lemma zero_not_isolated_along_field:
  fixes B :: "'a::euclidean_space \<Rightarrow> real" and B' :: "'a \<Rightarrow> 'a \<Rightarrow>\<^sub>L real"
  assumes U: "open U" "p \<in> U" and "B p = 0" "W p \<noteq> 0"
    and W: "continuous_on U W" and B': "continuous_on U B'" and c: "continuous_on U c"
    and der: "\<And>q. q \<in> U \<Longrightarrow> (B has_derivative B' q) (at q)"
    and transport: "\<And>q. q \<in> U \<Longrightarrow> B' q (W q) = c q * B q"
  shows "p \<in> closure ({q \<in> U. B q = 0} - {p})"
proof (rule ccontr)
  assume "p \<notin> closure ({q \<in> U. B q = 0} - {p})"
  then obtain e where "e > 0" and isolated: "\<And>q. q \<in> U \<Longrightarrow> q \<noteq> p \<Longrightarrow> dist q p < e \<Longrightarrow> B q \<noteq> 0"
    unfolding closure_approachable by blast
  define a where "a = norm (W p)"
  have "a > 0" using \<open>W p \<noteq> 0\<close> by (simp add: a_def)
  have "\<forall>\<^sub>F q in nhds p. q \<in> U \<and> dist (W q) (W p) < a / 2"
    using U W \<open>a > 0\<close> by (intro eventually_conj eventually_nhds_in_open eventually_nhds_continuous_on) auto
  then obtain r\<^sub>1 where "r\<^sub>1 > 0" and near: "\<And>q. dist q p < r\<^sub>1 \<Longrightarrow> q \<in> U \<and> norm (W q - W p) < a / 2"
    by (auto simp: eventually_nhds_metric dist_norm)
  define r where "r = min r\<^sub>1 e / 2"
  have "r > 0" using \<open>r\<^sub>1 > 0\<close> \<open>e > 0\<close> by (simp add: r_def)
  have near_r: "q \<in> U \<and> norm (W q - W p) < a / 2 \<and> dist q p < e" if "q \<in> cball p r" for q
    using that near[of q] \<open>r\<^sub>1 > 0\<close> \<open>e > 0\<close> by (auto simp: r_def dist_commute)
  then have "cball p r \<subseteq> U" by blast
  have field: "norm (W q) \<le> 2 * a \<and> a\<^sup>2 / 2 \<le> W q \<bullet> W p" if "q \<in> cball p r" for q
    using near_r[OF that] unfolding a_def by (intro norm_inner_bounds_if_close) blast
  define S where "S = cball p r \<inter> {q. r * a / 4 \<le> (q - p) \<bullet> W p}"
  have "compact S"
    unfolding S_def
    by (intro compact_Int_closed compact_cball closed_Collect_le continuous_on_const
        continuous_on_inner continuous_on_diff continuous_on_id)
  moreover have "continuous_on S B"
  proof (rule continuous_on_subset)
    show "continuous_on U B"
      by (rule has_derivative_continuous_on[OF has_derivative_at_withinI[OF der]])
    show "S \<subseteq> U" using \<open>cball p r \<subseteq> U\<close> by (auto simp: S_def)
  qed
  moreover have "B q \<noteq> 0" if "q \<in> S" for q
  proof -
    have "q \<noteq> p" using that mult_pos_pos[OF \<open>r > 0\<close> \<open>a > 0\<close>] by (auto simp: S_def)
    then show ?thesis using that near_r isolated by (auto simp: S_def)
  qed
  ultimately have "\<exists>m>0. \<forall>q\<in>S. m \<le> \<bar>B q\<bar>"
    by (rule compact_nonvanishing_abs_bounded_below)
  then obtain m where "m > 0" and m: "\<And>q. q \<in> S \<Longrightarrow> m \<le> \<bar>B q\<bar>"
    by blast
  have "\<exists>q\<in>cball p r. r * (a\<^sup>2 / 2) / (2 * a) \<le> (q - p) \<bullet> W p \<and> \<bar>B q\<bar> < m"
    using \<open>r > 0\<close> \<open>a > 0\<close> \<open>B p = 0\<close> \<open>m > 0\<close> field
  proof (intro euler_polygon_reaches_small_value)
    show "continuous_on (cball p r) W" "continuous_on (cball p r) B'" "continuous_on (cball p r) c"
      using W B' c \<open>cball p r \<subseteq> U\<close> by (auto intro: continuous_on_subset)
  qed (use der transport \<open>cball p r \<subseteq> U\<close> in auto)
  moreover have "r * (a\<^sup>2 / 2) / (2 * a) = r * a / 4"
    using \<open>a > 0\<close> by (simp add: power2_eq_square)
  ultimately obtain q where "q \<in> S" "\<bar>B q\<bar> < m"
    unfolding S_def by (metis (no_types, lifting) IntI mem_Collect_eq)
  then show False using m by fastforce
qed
==========
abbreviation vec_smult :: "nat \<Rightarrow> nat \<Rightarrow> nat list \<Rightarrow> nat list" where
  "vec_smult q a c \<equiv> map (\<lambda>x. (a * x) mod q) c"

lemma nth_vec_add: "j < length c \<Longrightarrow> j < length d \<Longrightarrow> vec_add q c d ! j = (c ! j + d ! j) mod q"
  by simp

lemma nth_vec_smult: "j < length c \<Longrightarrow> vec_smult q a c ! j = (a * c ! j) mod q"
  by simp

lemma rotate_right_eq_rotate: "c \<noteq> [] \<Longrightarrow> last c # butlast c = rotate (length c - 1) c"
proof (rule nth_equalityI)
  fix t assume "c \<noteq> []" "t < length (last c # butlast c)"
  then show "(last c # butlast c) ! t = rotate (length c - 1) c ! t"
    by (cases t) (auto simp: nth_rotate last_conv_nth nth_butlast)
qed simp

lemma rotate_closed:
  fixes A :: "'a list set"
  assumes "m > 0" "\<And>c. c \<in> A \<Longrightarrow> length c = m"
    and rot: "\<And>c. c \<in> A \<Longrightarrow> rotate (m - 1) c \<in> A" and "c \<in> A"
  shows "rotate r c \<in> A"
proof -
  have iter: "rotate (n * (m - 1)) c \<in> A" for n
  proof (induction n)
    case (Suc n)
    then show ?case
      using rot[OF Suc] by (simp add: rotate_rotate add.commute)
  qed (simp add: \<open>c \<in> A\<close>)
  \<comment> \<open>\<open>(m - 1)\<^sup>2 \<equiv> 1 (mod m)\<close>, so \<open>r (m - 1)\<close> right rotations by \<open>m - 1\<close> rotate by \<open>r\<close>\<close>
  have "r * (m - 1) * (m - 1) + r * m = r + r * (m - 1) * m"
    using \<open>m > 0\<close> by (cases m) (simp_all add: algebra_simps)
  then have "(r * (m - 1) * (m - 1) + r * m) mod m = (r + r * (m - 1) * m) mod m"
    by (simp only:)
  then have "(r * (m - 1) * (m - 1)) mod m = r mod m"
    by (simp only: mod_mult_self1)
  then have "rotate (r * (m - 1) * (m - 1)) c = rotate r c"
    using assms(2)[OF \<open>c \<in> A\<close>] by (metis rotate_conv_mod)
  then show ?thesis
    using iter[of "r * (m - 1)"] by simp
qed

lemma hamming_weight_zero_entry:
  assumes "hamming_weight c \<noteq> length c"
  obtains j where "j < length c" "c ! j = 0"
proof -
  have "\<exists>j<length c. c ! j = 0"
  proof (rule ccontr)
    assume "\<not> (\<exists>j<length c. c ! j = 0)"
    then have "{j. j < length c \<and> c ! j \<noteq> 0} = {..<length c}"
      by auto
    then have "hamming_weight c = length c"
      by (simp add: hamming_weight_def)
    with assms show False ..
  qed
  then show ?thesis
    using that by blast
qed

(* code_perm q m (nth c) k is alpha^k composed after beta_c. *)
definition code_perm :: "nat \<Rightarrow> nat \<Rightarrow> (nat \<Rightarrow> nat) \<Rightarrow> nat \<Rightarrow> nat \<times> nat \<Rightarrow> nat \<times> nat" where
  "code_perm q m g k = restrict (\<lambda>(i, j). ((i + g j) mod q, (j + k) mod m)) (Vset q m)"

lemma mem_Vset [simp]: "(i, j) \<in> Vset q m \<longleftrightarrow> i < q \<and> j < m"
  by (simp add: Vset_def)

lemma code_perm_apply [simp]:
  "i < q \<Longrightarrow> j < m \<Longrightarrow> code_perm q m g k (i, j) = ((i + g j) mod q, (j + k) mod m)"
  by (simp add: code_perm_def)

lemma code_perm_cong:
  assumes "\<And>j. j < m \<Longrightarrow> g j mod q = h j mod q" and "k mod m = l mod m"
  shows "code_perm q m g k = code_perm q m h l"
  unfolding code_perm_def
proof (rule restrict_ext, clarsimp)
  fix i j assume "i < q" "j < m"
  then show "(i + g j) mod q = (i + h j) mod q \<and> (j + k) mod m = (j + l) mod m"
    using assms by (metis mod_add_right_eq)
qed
==========
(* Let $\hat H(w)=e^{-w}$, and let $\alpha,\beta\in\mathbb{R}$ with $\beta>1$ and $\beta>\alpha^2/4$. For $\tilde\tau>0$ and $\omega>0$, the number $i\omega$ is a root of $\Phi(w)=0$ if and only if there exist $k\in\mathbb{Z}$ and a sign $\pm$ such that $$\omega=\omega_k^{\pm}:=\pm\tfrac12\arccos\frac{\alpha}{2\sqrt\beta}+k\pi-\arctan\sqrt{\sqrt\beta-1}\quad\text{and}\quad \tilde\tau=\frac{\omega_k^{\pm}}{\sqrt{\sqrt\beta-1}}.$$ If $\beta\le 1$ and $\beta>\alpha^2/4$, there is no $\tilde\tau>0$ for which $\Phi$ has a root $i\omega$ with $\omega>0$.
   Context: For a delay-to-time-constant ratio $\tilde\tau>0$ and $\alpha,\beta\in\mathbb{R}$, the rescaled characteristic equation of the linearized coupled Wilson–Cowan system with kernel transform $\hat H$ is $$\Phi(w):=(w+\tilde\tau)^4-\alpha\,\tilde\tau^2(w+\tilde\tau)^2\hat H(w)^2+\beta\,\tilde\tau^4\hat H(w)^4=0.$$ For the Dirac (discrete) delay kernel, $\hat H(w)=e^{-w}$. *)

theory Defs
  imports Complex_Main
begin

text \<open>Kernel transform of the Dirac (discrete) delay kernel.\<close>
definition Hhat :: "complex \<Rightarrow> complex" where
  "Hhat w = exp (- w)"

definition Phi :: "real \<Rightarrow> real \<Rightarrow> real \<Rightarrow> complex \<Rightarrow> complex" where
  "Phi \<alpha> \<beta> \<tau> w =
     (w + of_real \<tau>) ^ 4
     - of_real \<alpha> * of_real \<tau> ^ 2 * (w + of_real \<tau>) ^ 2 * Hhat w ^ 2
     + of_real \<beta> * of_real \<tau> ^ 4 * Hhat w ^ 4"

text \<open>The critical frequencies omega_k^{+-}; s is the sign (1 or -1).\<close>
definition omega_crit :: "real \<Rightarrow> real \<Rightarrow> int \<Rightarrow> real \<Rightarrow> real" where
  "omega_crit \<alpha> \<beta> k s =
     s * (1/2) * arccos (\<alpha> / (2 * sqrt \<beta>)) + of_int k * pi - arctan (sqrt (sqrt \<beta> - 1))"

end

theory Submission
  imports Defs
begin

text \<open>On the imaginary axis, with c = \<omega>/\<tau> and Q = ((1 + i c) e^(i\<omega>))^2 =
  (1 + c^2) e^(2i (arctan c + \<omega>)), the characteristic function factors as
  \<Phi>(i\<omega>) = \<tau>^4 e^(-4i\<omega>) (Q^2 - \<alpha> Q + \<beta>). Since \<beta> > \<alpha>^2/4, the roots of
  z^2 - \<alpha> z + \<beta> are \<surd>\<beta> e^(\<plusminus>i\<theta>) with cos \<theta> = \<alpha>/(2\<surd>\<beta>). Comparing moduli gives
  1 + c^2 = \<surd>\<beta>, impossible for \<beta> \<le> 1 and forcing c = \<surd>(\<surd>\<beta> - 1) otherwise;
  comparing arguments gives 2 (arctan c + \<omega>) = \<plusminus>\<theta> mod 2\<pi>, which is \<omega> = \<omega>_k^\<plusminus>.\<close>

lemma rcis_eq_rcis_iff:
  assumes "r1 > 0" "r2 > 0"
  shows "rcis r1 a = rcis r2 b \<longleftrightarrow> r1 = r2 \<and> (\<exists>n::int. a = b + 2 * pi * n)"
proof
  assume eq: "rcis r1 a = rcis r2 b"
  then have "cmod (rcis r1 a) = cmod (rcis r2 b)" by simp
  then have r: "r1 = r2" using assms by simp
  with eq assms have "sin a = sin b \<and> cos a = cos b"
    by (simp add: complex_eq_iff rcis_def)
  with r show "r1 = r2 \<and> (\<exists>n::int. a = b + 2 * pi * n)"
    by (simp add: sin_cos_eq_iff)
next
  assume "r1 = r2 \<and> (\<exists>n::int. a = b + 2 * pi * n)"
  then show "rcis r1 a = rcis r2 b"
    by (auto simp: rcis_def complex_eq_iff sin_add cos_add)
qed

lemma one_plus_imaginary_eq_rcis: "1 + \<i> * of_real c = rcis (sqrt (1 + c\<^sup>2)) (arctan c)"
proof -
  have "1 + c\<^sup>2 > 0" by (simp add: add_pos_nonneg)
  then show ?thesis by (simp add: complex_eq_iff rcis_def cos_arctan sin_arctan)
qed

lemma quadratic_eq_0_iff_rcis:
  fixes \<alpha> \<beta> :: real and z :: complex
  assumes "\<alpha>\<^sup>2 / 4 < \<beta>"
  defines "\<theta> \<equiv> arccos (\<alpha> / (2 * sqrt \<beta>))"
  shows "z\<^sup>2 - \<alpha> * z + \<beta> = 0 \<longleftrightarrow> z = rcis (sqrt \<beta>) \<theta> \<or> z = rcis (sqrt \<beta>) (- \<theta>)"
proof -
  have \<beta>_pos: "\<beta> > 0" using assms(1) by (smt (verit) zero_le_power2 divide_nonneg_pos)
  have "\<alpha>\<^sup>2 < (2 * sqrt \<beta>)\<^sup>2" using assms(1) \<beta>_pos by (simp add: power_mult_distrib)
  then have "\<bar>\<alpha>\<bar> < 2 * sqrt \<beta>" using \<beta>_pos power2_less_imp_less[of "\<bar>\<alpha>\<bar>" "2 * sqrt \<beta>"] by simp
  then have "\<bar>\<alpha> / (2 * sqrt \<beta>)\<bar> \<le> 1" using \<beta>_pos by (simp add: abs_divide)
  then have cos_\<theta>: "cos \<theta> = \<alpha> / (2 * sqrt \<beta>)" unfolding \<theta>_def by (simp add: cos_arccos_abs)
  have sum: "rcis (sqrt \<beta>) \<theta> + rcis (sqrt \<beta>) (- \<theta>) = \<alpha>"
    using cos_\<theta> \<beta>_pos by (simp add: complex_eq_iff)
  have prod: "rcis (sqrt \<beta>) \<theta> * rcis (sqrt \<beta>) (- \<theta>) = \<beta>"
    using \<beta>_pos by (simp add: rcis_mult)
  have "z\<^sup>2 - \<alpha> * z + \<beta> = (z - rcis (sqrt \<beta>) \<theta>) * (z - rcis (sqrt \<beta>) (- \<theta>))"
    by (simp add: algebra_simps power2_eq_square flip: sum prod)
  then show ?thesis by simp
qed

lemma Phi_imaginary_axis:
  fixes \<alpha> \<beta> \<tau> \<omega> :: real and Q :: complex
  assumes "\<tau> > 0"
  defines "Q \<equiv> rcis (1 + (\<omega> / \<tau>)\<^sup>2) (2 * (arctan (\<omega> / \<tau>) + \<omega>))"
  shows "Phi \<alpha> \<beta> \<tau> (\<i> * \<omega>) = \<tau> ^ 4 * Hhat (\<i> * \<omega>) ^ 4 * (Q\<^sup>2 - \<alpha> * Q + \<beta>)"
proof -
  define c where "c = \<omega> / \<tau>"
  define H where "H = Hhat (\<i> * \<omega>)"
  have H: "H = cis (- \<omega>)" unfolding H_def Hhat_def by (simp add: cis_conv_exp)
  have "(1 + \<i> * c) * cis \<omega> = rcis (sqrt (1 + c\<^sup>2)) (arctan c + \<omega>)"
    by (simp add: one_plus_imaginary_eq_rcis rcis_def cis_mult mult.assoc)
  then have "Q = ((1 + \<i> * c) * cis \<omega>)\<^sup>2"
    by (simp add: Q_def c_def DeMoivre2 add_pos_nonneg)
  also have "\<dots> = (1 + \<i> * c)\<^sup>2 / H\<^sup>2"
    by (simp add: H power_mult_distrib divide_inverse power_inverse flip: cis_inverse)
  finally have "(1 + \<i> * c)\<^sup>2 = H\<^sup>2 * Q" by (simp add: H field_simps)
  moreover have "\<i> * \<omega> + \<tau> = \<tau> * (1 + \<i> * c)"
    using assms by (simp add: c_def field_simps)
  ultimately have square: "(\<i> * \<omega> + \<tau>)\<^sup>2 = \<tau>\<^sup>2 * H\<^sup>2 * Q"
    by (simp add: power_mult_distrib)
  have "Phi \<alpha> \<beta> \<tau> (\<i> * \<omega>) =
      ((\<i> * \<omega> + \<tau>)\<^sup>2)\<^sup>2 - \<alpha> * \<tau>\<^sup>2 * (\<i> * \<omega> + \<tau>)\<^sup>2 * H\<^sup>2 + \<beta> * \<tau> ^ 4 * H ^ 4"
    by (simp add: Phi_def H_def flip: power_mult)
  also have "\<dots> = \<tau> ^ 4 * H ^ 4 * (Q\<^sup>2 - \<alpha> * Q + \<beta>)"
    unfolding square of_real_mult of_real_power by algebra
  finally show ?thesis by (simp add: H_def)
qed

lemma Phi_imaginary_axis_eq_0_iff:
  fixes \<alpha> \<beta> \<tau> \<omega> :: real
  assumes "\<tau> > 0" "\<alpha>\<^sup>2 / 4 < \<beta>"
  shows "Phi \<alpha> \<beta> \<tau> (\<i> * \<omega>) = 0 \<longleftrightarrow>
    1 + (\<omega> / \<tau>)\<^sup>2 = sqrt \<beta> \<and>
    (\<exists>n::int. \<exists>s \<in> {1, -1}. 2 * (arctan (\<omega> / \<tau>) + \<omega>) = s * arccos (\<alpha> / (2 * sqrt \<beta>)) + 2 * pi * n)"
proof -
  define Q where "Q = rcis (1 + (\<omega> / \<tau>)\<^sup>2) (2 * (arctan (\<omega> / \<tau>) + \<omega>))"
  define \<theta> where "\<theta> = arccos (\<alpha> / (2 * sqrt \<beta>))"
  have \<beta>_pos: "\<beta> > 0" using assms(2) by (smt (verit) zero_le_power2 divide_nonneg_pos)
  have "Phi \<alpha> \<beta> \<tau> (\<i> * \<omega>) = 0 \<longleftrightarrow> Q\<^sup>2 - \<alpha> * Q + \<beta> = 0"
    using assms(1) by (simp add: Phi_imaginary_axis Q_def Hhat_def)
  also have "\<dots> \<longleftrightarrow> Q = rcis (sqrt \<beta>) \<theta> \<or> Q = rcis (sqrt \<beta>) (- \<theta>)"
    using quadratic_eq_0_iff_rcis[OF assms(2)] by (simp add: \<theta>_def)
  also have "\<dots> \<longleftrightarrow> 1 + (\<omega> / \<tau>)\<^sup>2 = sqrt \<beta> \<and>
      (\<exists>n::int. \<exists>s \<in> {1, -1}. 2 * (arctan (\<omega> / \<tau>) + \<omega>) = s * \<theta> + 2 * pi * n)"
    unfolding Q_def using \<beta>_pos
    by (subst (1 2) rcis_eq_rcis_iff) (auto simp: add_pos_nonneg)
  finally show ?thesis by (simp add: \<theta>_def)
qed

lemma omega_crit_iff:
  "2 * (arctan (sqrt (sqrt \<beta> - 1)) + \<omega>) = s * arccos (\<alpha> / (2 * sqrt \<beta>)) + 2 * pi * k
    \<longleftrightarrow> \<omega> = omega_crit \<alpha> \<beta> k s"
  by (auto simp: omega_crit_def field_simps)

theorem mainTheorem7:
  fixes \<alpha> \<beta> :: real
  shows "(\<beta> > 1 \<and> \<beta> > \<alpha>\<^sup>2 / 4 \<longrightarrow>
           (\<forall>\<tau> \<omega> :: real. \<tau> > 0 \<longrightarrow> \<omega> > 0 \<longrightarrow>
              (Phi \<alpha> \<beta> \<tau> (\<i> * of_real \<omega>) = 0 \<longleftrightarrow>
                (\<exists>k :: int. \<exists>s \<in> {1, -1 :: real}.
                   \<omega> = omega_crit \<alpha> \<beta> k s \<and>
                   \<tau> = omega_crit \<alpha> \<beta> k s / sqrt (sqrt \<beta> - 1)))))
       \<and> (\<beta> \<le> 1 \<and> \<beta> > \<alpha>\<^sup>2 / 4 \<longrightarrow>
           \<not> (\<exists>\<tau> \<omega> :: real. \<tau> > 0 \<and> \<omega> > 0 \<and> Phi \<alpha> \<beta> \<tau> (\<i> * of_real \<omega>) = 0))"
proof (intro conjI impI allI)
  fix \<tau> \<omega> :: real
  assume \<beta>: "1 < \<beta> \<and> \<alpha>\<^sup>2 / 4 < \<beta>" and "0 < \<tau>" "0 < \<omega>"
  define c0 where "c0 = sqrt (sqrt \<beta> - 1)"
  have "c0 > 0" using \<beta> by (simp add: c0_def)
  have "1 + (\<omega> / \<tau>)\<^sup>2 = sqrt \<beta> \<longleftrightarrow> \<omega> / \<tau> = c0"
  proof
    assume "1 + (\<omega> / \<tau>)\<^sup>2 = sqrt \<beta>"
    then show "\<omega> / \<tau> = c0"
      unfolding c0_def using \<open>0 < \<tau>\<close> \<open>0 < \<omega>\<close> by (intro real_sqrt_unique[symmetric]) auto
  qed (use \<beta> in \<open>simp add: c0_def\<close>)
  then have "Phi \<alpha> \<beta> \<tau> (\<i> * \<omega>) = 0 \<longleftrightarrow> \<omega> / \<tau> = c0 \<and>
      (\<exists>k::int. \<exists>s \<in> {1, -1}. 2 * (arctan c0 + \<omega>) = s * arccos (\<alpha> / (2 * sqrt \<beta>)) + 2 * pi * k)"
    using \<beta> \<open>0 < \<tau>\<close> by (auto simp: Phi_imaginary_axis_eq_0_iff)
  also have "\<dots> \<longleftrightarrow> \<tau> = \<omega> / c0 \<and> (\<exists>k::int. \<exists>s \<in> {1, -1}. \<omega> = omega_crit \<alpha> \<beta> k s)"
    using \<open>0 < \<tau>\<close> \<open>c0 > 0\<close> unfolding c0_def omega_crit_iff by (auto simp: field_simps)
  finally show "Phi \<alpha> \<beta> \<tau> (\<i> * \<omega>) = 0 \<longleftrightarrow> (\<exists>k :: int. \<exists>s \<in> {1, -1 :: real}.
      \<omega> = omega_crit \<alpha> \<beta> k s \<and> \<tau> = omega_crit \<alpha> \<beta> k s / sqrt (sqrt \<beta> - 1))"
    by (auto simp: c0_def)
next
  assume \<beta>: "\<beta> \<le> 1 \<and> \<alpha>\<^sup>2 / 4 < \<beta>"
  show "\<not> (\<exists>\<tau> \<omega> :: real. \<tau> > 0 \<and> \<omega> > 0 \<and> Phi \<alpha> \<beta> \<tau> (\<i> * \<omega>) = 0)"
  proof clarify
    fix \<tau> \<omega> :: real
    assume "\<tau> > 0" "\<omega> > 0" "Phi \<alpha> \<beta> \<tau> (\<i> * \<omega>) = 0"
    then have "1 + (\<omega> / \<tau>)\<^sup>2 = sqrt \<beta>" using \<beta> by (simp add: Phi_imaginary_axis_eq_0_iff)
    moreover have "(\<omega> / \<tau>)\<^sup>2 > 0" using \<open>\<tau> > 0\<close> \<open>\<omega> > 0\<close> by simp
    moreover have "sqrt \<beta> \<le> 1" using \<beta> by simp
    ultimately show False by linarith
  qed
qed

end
==========
▶ TASK TO COMPLETE
The lines you need are those with the word "metis"; list them from the entries.

▶ SOLUTION TO THIS TASK
    unfolding S_def by (metis (no_types, lifting) IntI mem_Collect_eq)
    using assms(2)[OF \<open>c \<in> A\<close>] by (metis rotate_conv_mod)
    using assms by (metis mod_add_right_eq)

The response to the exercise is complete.